(* Let $(Y,f)$ be an expansive dynamical system with expansiveness constant $\varepsilon_Y$, equipped with an adapted metric. Suppose $y_1\sim_{\mathrm{lcs}}y_2$ with stable local conjugacy $\gamma$. Given $0<\varepsilon\le\varepsilon_Y$, there exist $\delta>0$ and $N\in\mathbb{N}$ such that for every $n\ge N$ the stable local conjugacy \[ f^n\circ\gamma\circ f^{-n}:Y^u(f^n(y_1),\delta)\to Y^u(f^n(y_2),\varepsilon) \] from $f^n(y_1)$ to $f^n(y_2)$ is well defined (i.e. its image is contained in $Y^u(f^n(y_2),\varepsilon)$) and is given by $z\mapsto[z,f^n(y_2)]$ for $z\in Y^u(f^n(y_1),\delta)$.
   Context: $(Y,f)$: compact metric space with homeomorphism $f$; expansive with constant $\varepsilon_Y$: $d(f^ny,f^ny')\le\varepsilon_Y$ for all $n\in\mathbb{Z}$ implies $y=y'$. Local sets $Y^s(y,\varepsilon)=\{z:d(f^ny,f^nz)<\varepsilon\ \forall n\ge0\}$, $Y^u(y,\varepsilon)=\{z:d(f^{-n}y,f^{-n}z)<\varepsilon\ \forall n\ge0\}$; $Y^u(y)$ = unstable class ($d(f^{-n}y,f^{-n}z)\to0$). Bracket: $[a,b]$ is the unique point of $Y^s(a,\varepsilon)\cap Y^u(b,\varepsilon)$ when this is nonempty. Adapted metric: a compatible metric with $\eta>0$, $0<\lambda<1$ such that $f$ contracts by $\lambda$ on $Y^s(y,\eta)$ and $f^{-1}$ contracts by $\lambda$ on $Y^u(y,\eta)$. Stable local conjugacy from $y_1$ to $y_2$: a homeomorphism $\gamma:U\to V$ between open neighbourhoods $U\ni y_1$ in $Y^u(y_1)$ and $V\ni y_2$ in $Y^u(y_2)$ with $\gamma(y_1)=y_2$ and $\sup_{z\in U}d(f^kz,f^k\gamma(z))\to0$ as $k\to\infty$; $y_1\sim_{\mathrm{lcs}}y_2$ if one exists. *)

theory Defs
  imports "HOL-Analysis.Analysis"
begin

definition fpow :: "('a \<Rightarrow> 'a) \<Rightarrow> int \<Rightarrow> 'a \<Rightarrow> 'a" where
  "fpow f n = (if 0 \<le> n then f ^^ nat n else inv f ^^ nat (- n))"

definition expansive_const :: "('a::metric_space \<Rightarrow> 'a) \<Rightarrow> real \<Rightarrow> bool" where
  "expansive_const f e \<longleftrightarrow> 0 < e \<and>
     (\<forall>y y'. (\<forall>n::int. dist (fpow f n y) (fpow f n y') \<le> e) \<longrightarrow> y = y')"

definition Ys :: "('a::metric_space \<Rightarrow> 'a) \<Rightarrow> 'a \<Rightarrow> real \<Rightarrow> 'a set" where
  "Ys f y e = {z. \<forall>n::nat. dist ((f ^^ n) y) ((f ^^ n) z) < e}"

definition Yu :: "('a::metric_space \<Rightarrow> 'a) \<Rightarrow> 'a \<Rightarrow> real \<Rightarrow> 'a set" where
  "Yu f y e = {z. \<forall>n::nat. dist ((inv f ^^ n) y) ((inv f ^^ n) z) < e}"

definition Yu_class :: "('a::metric_space \<Rightarrow> 'a) \<Rightarrow> 'a \<Rightarrow> 'a set" where
  "Yu_class f y = {z. (\<lambda>n. dist ((inv f ^^ n) y) ((inv f ^^ n) z)) \<longlonglongrightarrow> 0}"

definition bracket :: "('a::metric_space \<Rightarrow> 'a) \<Rightarrow> real \<Rightarrow> 'a \<Rightarrow> 'a \<Rightarrow> 'a" where
  "bracket f e a b = (THE x. x \<in> Ys f a e \<inter> Yu f b e)"

definition adapted_metric :: "('a::metric_space \<Rightarrow> 'a) \<Rightarrow> bool" where
  "adapted_metric f \<longleftrightarrow> (\<exists>\<eta> lam. 0 < \<eta> \<and> 0 < lam \<and> lam < 1 \<and>
     (\<forall>y. \<forall>z\<in>Ys f y \<eta>. \<forall>z'\<in>Ys f y \<eta>. dist (f z) (f z') \<le> lam * dist z z') \<and>
     (\<forall>y. \<forall>z\<in>Yu f y \<eta>. \<forall>z'\<in>Yu f y \<eta>. dist (inv f z) (inv f z') \<le> lam * dist z z'))"

definition u_open :: "('a::metric_space \<Rightarrow> 'a) \<Rightarrow> 'a set \<Rightarrow> bool" where
  "u_open f U \<longleftrightarrow> (\<forall>z\<in>U. \<exists>e>0. Yu f z e \<subseteq> U)"

definition u_continuous_on :: "('a::metric_space \<Rightarrow> 'a) \<Rightarrow> 'a set \<Rightarrow> ('a \<Rightarrow> 'a) \<Rightarrow> bool" where
  "u_continuous_on f U g \<longleftrightarrow>
     (\<forall>z\<in>U. \<forall>e>0. \<exists>d>0. \<forall>w\<in>U \<inter> Yu f z d. g w \<in> Yu f (g z) e)"

definition stable_local_conj ::
  "('a::metric_space \<Rightarrow> 'a) \<Rightarrow> 'a \<Rightarrow> 'a \<Rightarrow> 'a set \<Rightarrow> 'a set \<Rightarrow> ('a \<Rightarrow> 'a) \<Rightarrow> bool" where
  "stable_local_conj f y1 y2 U V \<gamma> \<longleftrightarrow>
     y1 \<in> U \<and> U \<subseteq> Yu_class f y1 \<and> u_open f U \<and>
     y2 \<in> V \<and> V \<subseteq> Yu_class f y2 \<and> u_open f V \<and>
     bij_betw \<gamma> U V \<and> u_continuous_on f U \<gamma> \<and> u_continuous_on f V (inv_into U \<gamma>) \<and>
     \<gamma> y1 = y2 \<and>
     (\<forall>e>0. \<exists>K. \<forall>k\<ge>K. \<forall>z\<in>U. dist ((f ^^ k) z) ((f ^^ k) (\<gamma> z)) < e)"

end

theory Submission
  imports Defs
begin

text \<open>Pull z back to u = f^-n z; for small \<delta> this lies in U close to y1. By uniform
  convergence of the conjugacy, w = f^n (\<gamma> u) follows the forward orbit of z once n \<ge> N. Backwards,
  w follows f^n y2: beyond time n because \<gamma> is continuous at y1, and over the last n steps
  because the forward orbits of u and y1 stay close, so those of \<gamma> u and y2 do too (by continuity of
  f for the first N iterates and by uniform convergence afterwards). Hence w lies in
  Ys(z, e) \<inter> Yu(f^n y2, e) for an arbitrarily small e, and expansiveness identifies w with the
  bracket [z, f^n y2] as long as \<epsilon> + e is still an expansive constant. On a compact space every
  expansive constant can be enlarged a little, which is why \<epsilon> may go up to \<epsilon>Y rather than \<epsilon>Y/2.\<close>

lemma fpow_of_nat [simp]: "fpow f (int n) = f ^^ n"
  by (simp add: fpow_def)

lemma fpow_minus_of_nat [simp]: "fpow f (- int n) = inv f ^^ n"
  by (cases "n = 0") (simp_all add: fpow_def)

lemma fpow_plus_1:
  assumes "bij f"
  shows "fpow f (i + 1) x = f (fpow f i x)"
proof (cases "0 \<le> i")
  case True
  then show ?thesis by (simp add: fpow_def nat_add_distrib)
next
  case False
  define m where "m = nat (- i - 1)"
  have i: "i = - int (Suc m)" and i1: "i + 1 = - int m" using False by (simp_all add: m_def)
  have "fpow f i x = inv f ((inv f ^^ m) x)" unfolding i fpow_minus_of_nat by simp
  then show ?thesis unfolding i1 using assms by (simp add: bij_is_surj surj_f_inv_f)
qed

lemma fpow_minus_1:
  assumes "bij f"
  shows "fpow f (i - 1) x = inv f (fpow f i x)"
  using fpow_plus_1[OF assms, of "i - 1"] assms by (simp add: bij_is_inj)

lemma fpow_add:
  assumes "bij f"
  shows "fpow f i (fpow f j x) = fpow f (i + j) x"
proof (induction i rule: int_induct[where k = 0])
  case base
  then show ?case by (simp add: fpow_def)
next
  case (step1 i)
  have "fpow f (i + 1 + j) x = fpow f ((i + j) + 1) x" by (simp add: ac_simps)
  then show ?case using step1 by (simp add: fpow_plus_1[OF assms])
next
  case (step2 i)
  have "fpow f (i - 1 + j) x = fpow f ((i + j) - 1) x" by (simp add: algebra_simps)
  then show ?case using step2 by (simp add: fpow_minus_1[OF assms])
qed

lemma continuous_on_funpow:
  fixes g :: "'a::topological_space \<Rightarrow> 'a"
  assumes "continuous_on UNIV g"
  shows "continuous_on UNIV (g ^^ n)"
proof (induction n)
  case (Suc n)
  have "continuous_on UNIV (g \<circ> g ^^ n)"
    using Suc assms by (metis continuous_on_compose continuous_on_subset subset_UNIV)
  then show ?case by simp
qed (simp add: continuous_on_id)

lemma continuous_on_fpow:
  "continuous_on UNIV f \<Longrightarrow> continuous_on UNIV (inv f) \<Longrightarrow> continuous_on UNIV (fpow f i)"
  by (simp add: fpow_def continuous_on_funpow)

lemma expansive_const_enlarge:
  fixes f :: "'a::metric_space \<Rightarrow> 'a"
  assumes cpt: "compact (UNIV :: 'a set)" and "bij f"
    and cont: "continuous_on UNIV f" "continuous_on UNIV (inv f)"
    and exp: "expansive_const f c"
  shows "\<exists>c'>c. expansive_const f c'"
proof (rule ccontr)
  assume no_larger: "\<not> (\<exists>c'>c. expansive_const f c')"
  have "0 < c" using exp by (simp add: expansive_const_def)
  \<comment> \<open>By compactness the nested nonempty closed sets K e meet, in a pair at distance at
    least c whose orbits stay c-close.\<close>
  define K where "K e = {p. c \<le> dist (fst p) (snd p) \<and>
      (\<forall>m. dist (fpow f m (fst p)) (fpow f m (snd p)) \<le> c + e)}" for e
  have closed_K: "closed (K e)" for e
    unfolding K_def
    by (intro closed_Collect_conj closed_Collect_all closed_Collect_le continuous_intros
        continuous_on_compose2[OF continuous_on_fpow[OF cont]]) auto
  have K_nonempty: "K e \<noteq> {}" if e: "0 < e" for e
  proof -
    have "\<not> expansive_const f (c + e)" using no_larger e by simp
    then obtain x y where "x \<noteq> y" and close: "\<forall>m. dist (fpow f m x) (fpow f m y) \<le> c + e"
      using \<open>0 < c\<close> e unfolding expansive_const_def by auto
    then obtain n where "c < dist (fpow f n x) (fpow f n y)"
      using exp unfolding expansive_const_def by (meson not_le)
    moreover have "dist (fpow f m (fpow f n x)) (fpow f m (fpow f n y)) \<le> c + e" for m
      using close[rule_format, of "m + n"] by (simp add: fpow_add \<open>bij f\<close>)
    ultimately have "(fpow f n x, fpow f n y) \<in> K e" by (auto simp: K_def)
    then show ?thesis by blast
  qed
  have K_mono: "K d \<subseteq> K e" if "d \<le> e" for d e
    using that unfolding K_def by (auto intro: order_trans)
  have "UNIV \<inter> \<Inter>(K ` {0<..}) \<noteq> {}"
  proof (rule compact_imp_fip)
    show "compact (UNIV :: ('a \<times> 'a) set)" using compact_Times[OF cpt cpt] by simp
  next
    fix F assume "finite F" "F \<subseteq> K ` {0<..}"
    then obtain E where E: "E \<subseteq> {0<..}" "finite E" "F = K ` E"
      by (metis finite_subset_image)
    show "UNIV \<inter> \<Inter>F \<noteq> {}"
    proof (cases "E = {}")
      case False
      then have "K (Min E) \<subseteq> \<Inter>F" using E K_mono[OF Min_le] by blast
      moreover have "K (Min E) \<noteq> {}" using E False by (intro K_nonempty) auto
      ultimately show ?thesis by blast
    qed (use E in auto)
  qed (use closed_K in auto)
  then obtain p where p: "\<And>e. 0 < e \<Longrightarrow> p \<in> K e" by auto
  have "dist (fpow f m (fst p)) (fpow f m (snd p)) \<le> c" for m
    by (rule field_le_epsilon) (use p in \<open>auto simp: K_def\<close>)
  then have "fst p = snd p" using exp unfolding expansive_const_def by blast
  moreover have "c \<le> dist (fst p) (snd p)" using p[of 1] by (simp add: K_def)
  ultimately show False using \<open>0 < c\<close> by simp
qed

....................

▶ **EXERCISE INSTRUCTIONS**
Give the count of lines above that include the word "thesis", stating no other information.

▶ **OUTPUT FOR THIS EXERCISE**
4